Growth of global production and innovation networks

For one of the most prolific writers in this field, Henry Yeung, as domestic firms become increasingly engaged in ‘strategic coupling’ with globalized firms, developmental states simply become less effective in guiding industrial governance (Yeung 2016: 4-6). It is not states but the decisions made by leading firms of global production and innovation networks that have the greatest impact on national development. In such an environment, developmental states simply become less effective or ‘downgraded’ as one writer puts it (Hundt 2014: 511).

Of course, it has long been recognized that large corporations wield ‘structural power’ (Lind- blom 1977) or the power to resist any reforms, which may threaten their interests given their structurally privileged positions within society. The structural power of transnational corporations has taken on even greater significance with the rise of a more open and interdependent world economy and one in which science and technology has taken on special importance in sustaining economic development (Dicken 2015: 164). John Mikler interprets these globalizing processes as culminating in the growth of The Political Power of Global Corporations (2018).

There is little argument that the fortunes of domestic firms are increasingly tied to lead firms of global production networks (GPNs) or global value chains (GVCs). However, the assertion that these processes are occurring at the expense of the developmental role of their home governments throughout East Asia suffers from two major shortcomings. First, even the most globalized firms are still highly dependent on their home governments for sustaining technological competitiveness. As various studies have shown, knowledge-intensive competition involves high levels of risk, which in turn tends to deepen (not reduce) the need for the state’s involvement in high-technology promotion (Warwick and Nolan 2014; Weiss 2005: 744). Perhaps the clearest illustration of mutual dependence between public and private actors is in the gritty world of technological standards-setting especially in inter-governmental standards development organizations such as the International Telecommunications Union (ITU).
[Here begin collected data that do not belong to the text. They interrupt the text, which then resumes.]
lemma nn_integral_truncated_power_weight:
  fixes a D :: real
  assumes "0 \<le> a" "a < 1" "0 \<le> D"
  shows "(\<integral>\<^sup>+ t. truncated_power_weight a D t \<partial>lborel) = ennreal (2 * (D powr (1 - a) / (1 - a)))"
proof -
  let ?g = "\<lambda>t. indicator {0..D} t * t powr (-a)"
  have "((\<lambda>t. t powr (-a)) has_integral (D powr (1 - a) / (1 - a))) {0..D}"
    using has_integral_powr_from_0[of "-a" D] assms by simp
  then have "((\<lambda>t. if t \<in> {0..D} then t powr (-a) else 0) has_integral (D powr (1 - a) / (1 - a))) UNIV"
    unfolding has_integral_restrict_UNIV .
  moreover have "(\<lambda>t. if t \<in> {0..D} then t powr (-a) else 0) = ?g"
    by (auto simp: indicator_def)
  ultimately have "(?g has_integral (D powr (1 - a) / (1 - a))) UNIV"
    by simp
  then have half: "(\<integral>\<^sup>+ t. ennreal (?g t) \<partial>lborel) = ennreal (D powr (1 - a) / (1 - a))"
    by (rule nn_integral_has_integral_lborel[rotated 2]) (auto simp: indicator_def)
  have "AE t in lborel. truncated_power_weight a D t = ennreal (?g t) + ennreal (?g (-t))"
    using AE_lborel_singleton[of 0]
    by eventually_elim (auto simp: truncated_power_weight_def indicator_def)
  then have "(\<integral>\<^sup>+ t. truncated_power_weight a D t \<partial>lborel)
      = (\<integral>\<^sup>+ t. ennreal (?g t) \<partial>lborel) + (\<integral>\<^sup>+ t. ennreal (?g (-t)) \<partial>lborel)"
    by (simp add: nn_integral_cong_AE nn_integral_add)
  also have "(\<integral>\<^sup>+ t. ennreal (?g (-t)) \<partial>lborel) = (\<integral>\<^sup>+ t. ennreal (?g t) \<partial>lborel)"
    using nn_integral_real_affine[of "\<lambda>t. ennreal (?g t)" "-1" 0] by simp
  finally show ?thesis
    unfolding half using assms by (simp add: ennreal_plus[symmetric] del: ennreal_plus)
qed

lemma norm_powr_neg_le_prod_abs_inner_powr:
  fixes z :: "'a::euclidean_space" and a :: real
  assumes "0 \<le> a" and "\<And>b. b \<in> Basis \<Longrightarrow> z \<bullet> b \<noteq> 0"
  shows "norm z powr (- (a * DIM('a))) \<le> (\<Prod>b\<in>Basis. \<bar>z \<bullet> b\<bar> powr (-a))"
proof -
  have "z \<noteq> 0" using assms(2)[OF SOME_Basis] by auto
  then have "norm z powr (- (a * DIM('a))) = (norm z powr (-a)) ^ DIM('a)"
    by (simp add: powr_powr powr_realpow[symmetric])
  also have "\<dots> = (\<Prod>b\<in>(Basis::'a set). norm z powr (-a))"
    by simp
  also have "\<dots> \<le> (\<Prod>b\<in>Basis. \<bar>z \<bullet> b\<bar> powr (-a))"
    using assms Basis_le_norm by (intro prod_mono conjI powr_mono2') auto
  finally show ?thesis .
qed

definition riesz_ball_bound :: "nat \<Rightarrow> real \<Rightarrow> real \<Rightarrow> real" where
  "riesz_ball_bound n s D = (2 * (D powr (1 - s / n) / (1 - s / n))) ^ n"

text \<open>Dominating \<open>\<bar>z\<bar> powr -s\<close> by \<open>\<Prod>b\<in>Basis. \<bar>z \<bullet> b\<bar> powr (-s/n)\<close> turns the integral into a
  product of one-dimensional integrals.\<close>
lemma nn_integral_cball_norm_powr_neg_le:
  fixes x :: "'a::euclidean_space" and s D :: real
  assumes "0 \<le> s" "s < DIM('a)" "0 \<le> D"
  shows "(\<integral>\<^sup>+ y. indicator (cball x D) y * ennreal (norm (x - y) powr (-s)) \<partial>lborel)
     \<le> ennreal (riesz_ball_bound DIM('a) s D)"
proof -
  define a where "a = s / DIM('a)"
  have a: "0 \<le> a" "a < 1" and sa: "s = a * DIM('a)"
    unfolding a_def using assms by auto
  let ?w = "truncated_power_weight a D"
  have pointwise: "indicator (cball x D) y * ennreal (norm (x - y) powr (-s))
      \<le> (\<Prod>b\<in>Basis. ?w (y \<bullet> b - x \<bullet> b))" for y
  proof (cases "y \<in> cball x D")
    case True
    then have coord: "\<bar>(y - x) \<bullet> b\<bar> \<le> D" if "b \<in> Basis" for b
      using Basis_le_norm[OF that, of "y - x"] by (simp add: dist_norm norm_minus_commute)
    show ?thesis
    proof (cases "\<exists>b\<in>Basis. (y - x) \<bullet> b = 0")
      case True
      have "?w (y \<bullet> b - x \<bullet> b) \<noteq> 0" if "b \<in> Basis" for b
        using coord[OF that] by (auto simp: truncated_power_weight_def inner_diff_left indicator_def)
      then have "(\<Prod>b\<in>Basis. ?w (y \<bullet> b - x \<bullet> b)) = \<infinity>"
        using True by (auto simp: ennreal_prod_eq_top truncated_power_weight_def inner_diff_left)
      then show ?thesis by simp
    next
      case False
      have "?w (y \<bullet> b - x \<bullet> b) = ennreal (\<bar>(y - x) \<bullet> b\<bar> powr (-a))" if "b \<in> Basis" for b
        using coord[OF that] False that
        by (auto simp: truncated_power_weight_def inner_diff_left indicator_def)
      then have "(\<Prod>b\<in>Basis. ?w (y \<bullet> b - x \<bullet> b)) = ennreal (\<Prod>b\<in>Basis. \<bar>(y - x) \<bullet> b\<bar> powr (-a))"
        by (simp add: prod_ennreal)
      moreover have "norm (x - y) powr (-s) \<le> (\<Prod>b\<in>Basis. \<bar>(y - x) \<bullet> b\<bar> powr (-a))"
        using norm_powr_neg_le_prod_abs_inner_powr[OF a(1), of "y - x"] False
        by (simp add: sa norm_minus_commute)
      ultimately show ?thesis using \<open>y \<in> cball x D\<close> by (simp add: ennreal_leI)
    qed
  qed simp
  have "(\<integral>\<^sup>+ y. indicator (cball x D) y * ennreal (norm (x - y) powr (-s)) \<partial>lborel)
      \<le> (\<integral>\<^sup>+ y. (\<Prod>b\<in>Basis. ?w (y \<bullet> b - x \<bullet> b)) \<partial>lborel)"
    by (intro nn_integral_mono pointwise)
  also have "\<dots> = (\<Prod>b\<in>(Basis::'a set). (\<integral>\<^sup>+ t. ?w (t - x \<bullet> b) \<partial>lborel))"
    by (rule nn_integral_lborel_prod) auto
  also have "\<dots> = (\<Prod>b\<in>(Basis::'a set). ennreal (2 * (D powr (1 - a) / (1 - a))))"
  proof -
    have "(\<integral>\<^sup>+ t. ?w (t - c) \<partial>lborel) = (\<integral>\<^sup>+ t. ?w t \<partial>lborel)" for c
      using nn_integral_real_affine[of "\<lambda>t. ?w (t - c)" 1 c] by simp
    then show ?thesis by (simp add: nn_integral_truncated_power_weight[OF a assms(3)])
  qed
  finally show ?thesis
    using a by (simp add: riesz_ball_bound_def a_def prod_ennreal ennreal_power)
qed
(* Let $p(0)\in\mathcal M_1^+$ be such that all coefficients $a(p(0))_k$, $k\in\mathbb N_0$, are finite, let $p(t+1)=\mathcal R_1(p(t))$ for $t\in\mathbb N_0$, and put $a_k(t)=a(p(t))_k$ and $\alpha=a_1(0)$. Then $\lim_{t\to\infty}a_k(t)=\alpha^k$ for all $k\ge0$.
   Context: $\mathcal M_1^+$ is the set of probability measures on $\mathbb N_0$, identified with nonnegative sequences summing to $1$. $\mathcal R_1(p)_i=\sum_{k,\ell\ge0,\ k+\ell\ge i}\frac{1+\min\{k,\ell,i,k+\ell-i\}}{(k+1)(\ell+1)}p_kp_\ell$. For $p\in\mathcal M_1^+$, $a(p)_k=\frac{1}{k+1}\sum_{\ell\ge k}\binom{\ell}{k}p_\ell\in[0,\infty]$ (so $a(p)_0=1$ and $a(p)_1=\frac12\sum_\ell \ell p_\ell$). *)

theory Defs
  imports "HOL-Analysis.Analysis"
begin

definition M1plus :: "(nat \<Rightarrow> real) set" where
  "M1plus = {p. (\<forall>k. 0 \<le> p k) \<and> p sums 1}"

definition R1 :: "(nat \<Rightarrow> real) \<Rightarrow> nat \<Rightarrow> real" where
  "R1 p i = (\<Sum>\<^sub>\<infinity>(k, l)\<in>{(k, l). i \<le> k + l}.
      (1 + real (min (min k l) (min i (k + l - i)))) / (real (k + 1) * real (l + 1)) * p k * p l)"

definition acoef :: "(nat \<Rightarrow> real) \<Rightarrow> nat \<Rightarrow> ennreal" where
  "acoef p k = ennreal (1 / (real k + 1)) *
      (\<Sum>\<^sub>\<infinity>l\<in>{k..}. ennreal (real (l choose k) * p l))"

end

theory Submission
  imports Defs
begin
The enormous success of firms such as Samsung in transitioning into technological leadership simply could not have been possible without the coordinative role of government agencies in getting national technolog)' standards (e.g. CDMA) recognized by the ITU and other standards development organizations (Kim 2013: 189).

The second limitation is that claims of the developmental state’s downgrading provide a lopsided view from the perspective of globally leading firms while underplaying the activist role of governments. In Japan, while policymakers are shy to admit as such, the Ministry of Economy, Trade and Industry’s (METI) ‘Japan Smart Community Alliance’ has a membership of 255 firms

(including large firms such as Toyota) whose core goal is to drive the development of energy resilient smart microgrids (DeWit 2018). Parallel efforts in Korea and Taiwan also provide interesting examples (Kim 2019). In 2014, the MOTIE established the Korea Micro Energy Grid (K-MEG) Consortium and Korea Smart Grid Association (KSGA) to coordinate the creation, testing and export of smart microgrids for a variety of settings. The MOTIE delegated large conglomerates such as Samsung C&T to exert project leadership of networks composed of other public and private actors including large firms and SMEs. Their Taiwanese counterparts include the Taiwan Smart Grid Industry Association (TSGIA) and Taiwan Smart Grid General Projects, led by government agencies such as ITRI. As I have argued, these bodies reflect the Korean and Taiwan states’ efforts to build ‘hybridized industrial ecosystems’ as a means to spearhead the global market for smart grids (Kim 2019). As a number of other studies (of Korea) have shown, the idea behind linking SMEs with large firms in development alliances was to create new sources of competitive advantage for both Korea’s leading chaebol and their suppliers (Kim 2012a: 157—158; Kim and Kvvon 2017).

The main point is that while many domestic firms have globalized their operations and become more technologically sophisticated (which provides one measure of their independence), they continue to depend on the transformative capacity of their home governments. Nowhere is this becoming more apparent than in sharing the risks involved in developing new technologies in promising growth sectors such as green energy.


To what extent are East Asia’s developmental states still useful as innovation-led development as the technological frontier takes precedence over imitation-led, technology followership? I have discussed four issues at stake in the debate: strategizing for competing at the technological frontier; the political appetite for sustaining support for high-risk and/or uncertain technologies; the organization of the state in promoting innovation; and growth of global production and innovation networks. If my discussion of these issues tells us anything, it is that the debate over East Asia’s developmental state is far from settled, not least because of the state’s propensity to evolve in unexpected and creative ways. This is a reality often underplayed by developmental state sceptics in their haste to reach (premature) conclusions over the erosion of the state’s power to guide industrial development. Interest in East Asia’s economic transformation and the idea of the developmental state is therefore likely to remain a vibrant research agenda in studies of I EE in the years ahead.